Eddy Dovewater was born running. Squeeze. Slide. Slap. An obligatory wail of disgust and he was free. Exiting the obstetrics ward, he was clocked at nearly fifteen km/hour. Not bad for his height. Forty-five centimetres of baby-pink blur.

"And I thought I'd seen everything," said the midwife, rocking back on her heels. "Now, where's he going in such a hurry?"

But to Eddy's pre-verbal brain, it wasn't so much where he was going, as where he was coming from. Eddy Dovewater had been born before. And this time, he was determined to stay alive.

He might have been short, but he was fast. Spun between the legs of a hospital aide before anybody even began to react. Left the nurse for dust.
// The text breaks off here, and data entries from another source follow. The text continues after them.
(* Let $\tau=(1+\sqrt5)/2$, let $\kappa\ge 0$, let $\mathcal{D}_1,\mathcal{D}_2,\mathcal{D}_3$ be the Dunkl operators of the icosahedral root system with parameter $\kappa$, and let $\mathcal{I}$ be the vertex set of the icosahedron, all as described in the context. For $y_0\in\mathcal{I}$ let $F(r,x;y_0)=\left(1-r\langle x,y_0\rangle\right)^{-1}\prod_{y\in\mathcal{I}}\left(1-r\langle x,y\rangle\right)^{-\kappa}$, regarded as a power series in $r$ whose coefficients are polynomials in $x\in\mathbb{R}^3$, with Dunkl operators applied coefficientwise. Then for every $u\in\mathbb{R}^3$ and every $y_0\in\mathcal{I}$, \[ \langle u,\nabla_\kappa\rangle F(r,x;y_0)=\langle u,y_0\rangle\left(\left(r^2\frac{\partial}{\partial r}+r(1+11\kappa)\right)F(r,x;y_0)-\kappa r\,F(-r,x;y_0)\right), \] where $\langle u,\nabla_\kappa\rangle=\sum_{i=1}^3u_i\mathcal{D}_i$.
   Context: Let $\tau=(1+\sqrt5)/2$ (so $\tau^2=\tau+1$). Vectors in $\mathbb{R}^3$ are row vectors; $\langle x,y\rangle=\sum x_iy_i$, $|x|^2=\langle x,x\rangle$. For $v\neq0$ the reflection $\sigma_v$ is $x\sigma_v=x-2\frac{\langle x,v\rangle}{|v|^2}v$. The positive roots of type $H_3$ are the 15 vectors $R_+=\{(2,0,0),(0,2,0),(0,0,2),(\tau,\pm\tau^{-1},\pm1),(\pm1,\tau,\pm\tau^{-1}),(\tau^{-1},\pm1,\tau),(-\tau^{-1},1,\tau),(\tau^{-1},1,-\tau)\}$ (signs chosen independently). With a real parameter $\kappa\ge0$, the Dunkl operators are $\mathcal{D}_if(x)=\frac{\partial f}{\partial x_i}(x)+\kappa\sum_{v\in R_+}\frac{f(x)-f(x\sigma_v)}{\langle x,v\rangle}v_i$, $i=1,2,3$. The icosahedron vertex set is $\mathcal{I}=\{(0,\pm\tau,\pm1),(\pm1,0,\pm\tau),(\pm\tau,\pm1,0)\}$ (12 points). *)

theory Defs
  imports "HOL-Analysis.Analysis" "HOL-Computational_Algebra.Formal_Power_Series"
begin

text \<open>Points of R^3 are modelled as real^3 (index type 3, indices 1,2,3);
  the inner product is the standard one.\<close>

definition vec3 :: "real \<Rightarrow> real \<Rightarrow> real \<Rightarrow> real^3" where
  "vec3 a b c = (\<chi> i. if i = 1 then a else if i = 2 then b else c)"
lemma proj_field_equilibrium_of_antiwindup_equilibrium:
  assumes "\<alpha> > 0" and prox: "prox_regular \<alpha> Z" and G: "\<forall>x \<in> Z. sym_posdef (G x)"
    and "K > 0" and "y \<in> Z" and close: "dist z y < 1 / (2 * \<alpha>)"
    and equilibrium: "0 \<in> antiwindup Z G f K z" and p: "p \<in> proj Z z"
  shows "0 \<in> proj_field Z G f p"
proof -
  obtain p' where p': "p' \<in> proj Z z" and z: "z - p' = K *\<^sub>R (G p' *v f p')"
    using equilibrium zero_in_antiwindup_iff[OF \<open>K > 0\<close> G] by blast
  have "dist z p < 1 / (2 * \<alpha>)"
    using p \<open>y \<in> Z\<close> close unfolding proj_def by fastforce
  then have "p' = p"
    using prox_regular_proj_unique[OF prox \<open>\<alpha> > 0\<close> p p'] by simp
  then have "K *\<^sub>R (G p *v f p) \<in> normal_cone Z p"
    using proj_normal_cone[OF p] z by simp
  then have "G p *v f p \<in> normal_cone Z p"
    using normal_cone_scaleR[of _ Z p "1 / K"] \<open>K > 0\<close> by fastforce
  moreover have "p \<in> Z" using p unfolding proj_def by blast
  ultimately show ?thesis
    using zero_in_proj_field_iff G by blast
qed

theorem proposition6p1:
  fixes Z :: "(real^'n) set" and \<alpha> :: real
    and G :: "real^'n \<Rightarrow> real^'n^'n" and f :: "real^'n \<Rightarrow> real^'n"
  assumes "closed Z" and "clarke_regular Z" and "\<alpha> > 0" and "prox_regular \<alpha> Z"
    and "\<forall>x \<in> Z. sym_posdef (G x)" and "continuous_on Z G"
    and "continuous_on Z f"
  shows "(\<forall>zbar \<in> Z. weak_equilibrium (proj_field Z G f) zbar \<longrightarrow>
            (\<exists>Ks > 0. \<forall>K. 0 < K \<and> K < Ks \<longrightarrow>
               (\<exists>zK. zK \<in> (\<lambda>\<eta>. zbar + \<eta>) ` (normal_cone Z zbar \<inter> ball 0 (1 / (2 * \<alpha>))) \<and>
                     weak_equilibrium (antiwindup Z G f K) zK)))
       \<and> (\<forall>K zK. K > 0 \<longrightarrow> (\<exists>z \<in> Z. \<exists>b \<in> ball 0 (1 / (2 * \<alpha>)). zK = z + b) \<longrightarrow>
            weak_equilibrium (antiwindup Z G f K) zK \<longrightarrow>
            (\<forall>p \<in> proj Z zK. weak_equilibrium (proj_field Z G f) p))"
proof (intro conjI ballI impI allI)
  fix zbar assume "zbar \<in> Z" and "weak_equilibrium (proj_field Z G f) zbar"
  then have "0 \<in> proj_field Z G f zbar"
    by (simp add: weak_equilibrium_iff)
  then obtain Ks where "Ks > 0" and "\<forall>K. 0 < K \<and> K < Ks \<longrightarrow>
      (\<exists>\<eta> \<in> normal_cone Z zbar \<inter> ball 0 (1 / (2 * \<alpha>)). 0 \<in> antiwindup Z G f K (zbar + \<eta>))"
    using antiwindup_equilibria_near_proj_field_equilibrium[OF assms(3-5) \<open>zbar \<in> Z\<close>] by blast
  then show "\<exists>Ks > 0. \<forall>K. 0 < K \<and> K < Ks \<longrightarrow>
               (\<exists>zK. zK \<in> (\<lambda>\<eta>. zbar + \<eta>) ` (normal_cone Z zbar \<inter> ball 0 (1 / (2 * \<alpha>))) \<and>
                     weak_equilibrium (antiwindup Z G f K) zK)"
    unfolding weak_equilibrium_iff by blast
next
  fix K zK p
  assume "K > 0" and "\<exists>z \<in> Z. \<exists>b \<in> ball 0 (1 / (2 * \<alpha>)). zK = z + b"
    and "weak_equilibrium (antiwindup Z G f K) zK" and "p \<in> proj Z zK"
  moreover from this obtain z where "z \<in> Z" and "dist zK z < 1 / (2 * \<alpha>)"
    by (auto simp: dist_norm)
  ultimately show "weak_equilibrium (proj_field Z G f) p"
    using proj_field_equilibrium_of_antiwindup_equilibrium[OF assms(3-5)]
    by (simp add: weak_equilibrium_iff)
qed

end
definition hinv :: "nat \<Rightarrow> 'a::comm_ring_1 \<Rightarrow> 'a hecke \<Rightarrow> 'a hecke" where
  "hinv n t h = (THE g. g \<in> Hn n \<and> hmul n t h g = Tb id \<and> hmul n t g h = Tb id)"

text \<open>weights lambda in Z^n_{>=0} as functions on the indices 1..n\<close>
definition dominant :: "nat \<Rightarrow> (nat \<Rightarrow> nat) \<Rightarrow> bool" where
  "dominant n lam \<longleftrightarrow> (\<forall>i j. 1 \<le> i \<and> i \<le> j \<and> j \<le> n \<longrightarrow> lam j \<le> lam i)"

definition partlen :: "nat \<Rightarrow> (nat \<Rightarrow> nat) \<Rightarrow> nat" where
  "partlen n mu = card {i\<in>{1..n}. mu i \<noteq> 0}"

definition varpi :: "nat \<Rightarrow> nat \<Rightarrow> nat" where
  "varpi l i = (if i \<le> l then 1 else 0)"

definition stab :: "nat \<Rightarrow> (nat \<Rightarrow> nat) \<Rightarrow> perm set" where
  "stab n lam = {w \<in> perms n. \<forall>i\<in>{1..n}. lam (w i) = lam i}"

definition Hsub :: "nat \<Rightarrow> (nat \<Rightarrow> nat) \<Rightarrow> 'a::zero hecke set" where
  "Hsub n lam = {h. \<forall>w. w \<notin> stab n lam \<longrightarrow> h w = 0}"

definition onew :: "nat \<Rightarrow> (nat \<Rightarrow> nat) \<Rightarrow> 'a::comm_ring_1 hecke" where
  "onew n lam = (\<Sum>w\<in>stab n lam. Tb w)"

text \<open>columns B(varpi_l): strictly increasing lists of length l in {1..n}\<close>
definition cols :: "nat \<Rightarrow> nat \<Rightarrow> nat list set" where
  "cols n l = {c. sorted_wrt (<) c \<and> set c \<subseteq> {1..n} \<and> length c = l}"

definition ucol :: "nat \<Rightarrow> nat list \<Rightarrow> perm" where
  "ucol n c = (\<lambda>k. if 1 \<le> k \<and> k \<le> n
       then (c @ sorted_list_of_set ({1..n} - set c)) ! (k - 1) else k)"

definition hcomp :: "nat \<Rightarrow> 'a::comm_ring_1 \<Rightarrow> nat \<Rightarrow> 'a hecke \<Rightarrow> nat list \<Rightarrow> 'a hecke" where
  "hcomp n t l h C = (THE x. \<exists>hF. (\<forall>F\<in>cols n l. hF F \<in> Hsub n (varpi l)) \<and>
       h = (\<Sum>F\<in>cols n l. hmul n t (Tb (ucol n F)) (hF F)) \<and> x = hF C)"

text \<open>Tensors of columns are lists of columns, read left to right (C_r first).\<close>
fun Psi :: "nat \<Rightarrow> 'a::comm_ring_1 \<Rightarrow> nat list list \<Rightarrow> 'a hecke" where
  "Psi n t [] = onew n (\<lambda>_. 0)"
| "Psi n t [C] = sc (t ^ len n (ucol n C))
      (hmul n t (hinv n t (Tb (inv (ucol n C)))) (onew n (varpi (length C))))"
| "Psi n t (C # S) = sc (t ^ len n (ucol n C))
      (hmul n t (hinv n t (Tb (inv (ucol n C)))) (hcomp n t (length C) (Psi n t S) C))"

definition semistandard :: "nat list list \<Rightarrow> bool" where
  "semistandard cs \<longleftrightarrow> (\<forall>j j' k. j < j' \<and> j' < length cs \<and> k < length (cs ! j')
       \<longrightarrow> k < length (cs ! j) \<and> cs ! j ! k \<le> cs ! j' ! k)"
(* Let $N\ge3$, $\Omega\subset\mathbb{R}^N$ a bounded domain, $1<p<\infty$, and suppose $Q$, $v$ satisfy hypothesis (H). Then $C^{0,1}_c(\Omega)$ is dense in $\mathring H^{1,p}_Q(\Omega)\cap L^2_v(\Omega)$, equipped with the norm $\|u\|_{H^{1,p}_Q}+\|u\|_{L^2_v}$.
   Context: $p'=p/(p-1)$. $Q:\Omega\to\mathbb{R}^{N\times N}$ is measurable, symmetric and positive definite a.e., with $|Q|_{\rm op}\in L^1_{loc}(\Omega)$ ($|\cdot|_{\rm op}$ the operator norm; $\sqrt Q$ defined pointwise). $v\ge0$ is a measurable weight. Hypothesis (H): $v\in L^1(\Omega)$; $|\sqrt Q(x)|_{\rm op}^p\le v(x)$ a.e.; $|(\sqrt Q)^{-1}|_{\rm op}\in L^{p'}_{loc}(\Omega)$. $L^q_v(\Omega)$ is $L^q$ w.r.t. $v\,dx$. $\mathcal L^p_Q(\Omega)$: vector fields with $\|\vec f\|_{\mathcal L^p_Q}=(\int_\Omega|\sqrt Q\vec f|^pdx)^{1/p}<\infty$. $H^{1,p}_Q(\Omega)$: completion of Lipschitz functions on $\overline\Omega$ under $\|u\|_{H^{1,p}_Q}=\|u\|_{L^p_v}+\|\nabla u\|_{\mathcal L^p_Q}$ (elements are functions in $L^p_v\cap W^{1,1}_{loc}$ with weak gradient in $\mathcal L^p_Q$); $\mathring H^{1,p}_Q(\Omega)$: closure of the compactly supported Lipschitz functions $C^{0,1}_c(\Omega)$ in $H^{1,p}_Q(\Omega)$. *)

theory Defs
  imports "HOL-Analysis.Analysis"
begin

definition posdef_mat :: "real^'n^'n \<Rightarrow> bool" where
  "posdef_mat A \<longleftrightarrow> transpose A = A \<and> (\<forall>x. x \<noteq> 0 \<longrightarrow> 0 < x \<bullet> (A *v x))"

definition matsqrt :: "real^'n^'n \<Rightarrow> real^'n^'n" where
  "matsqrt A = (THE S. posdef_mat S \<and> S ** S = A)"

definition mat_opnorm :: "real^'n^'n \<Rightarrow> real" where
  "mat_opnorm A = onorm (\<lambda>x. A *v x)"

definition Lw_mem :: "real \<Rightarrow> ('a::euclidean_space \<Rightarrow> real) \<Rightarrow> 'a set \<Rightarrow> ('a \<Rightarrow> real) \<Rightarrow> bool" where
  "Lw_mem q v \<Omega> u \<longleftrightarrow> u \<in> borel_measurable (lebesgue_on \<Omega>) \<and>
     (\<integral>\<^sup>+x\<in>\<Omega>. ennreal (\<bar>u x\<bar> powr q * v x) \<partial>lebesgue) < \<infinity>"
Still slippery with amniotic fluid, he slid under a guernsey and into the corridor, dodging two astonished ambulance drivers.

By then, Mrs Dovewater had blearily managed to raise her head from the pillow.

"All right, then?" she asked, meaning: is it over yet?

Doctor Kavendar, hands still held out towards the Dovewater womb, ignored her with professional ease.

"We've got a runner!" he shouted, dropping his gloves to the floor with a wet smack.

The door was swinging in Eddy's wake. Doc Kavendar leapt through and into the corridor, just in time to catch a glimpse of Eddy's firm pink bottom disappearing around a corner.

"Forceps!" he shouted. He grabbed a pair of cruel metal fingers from the midwife's collection and took off, white coat flapping. He used to run at med school. They called him Stringbean.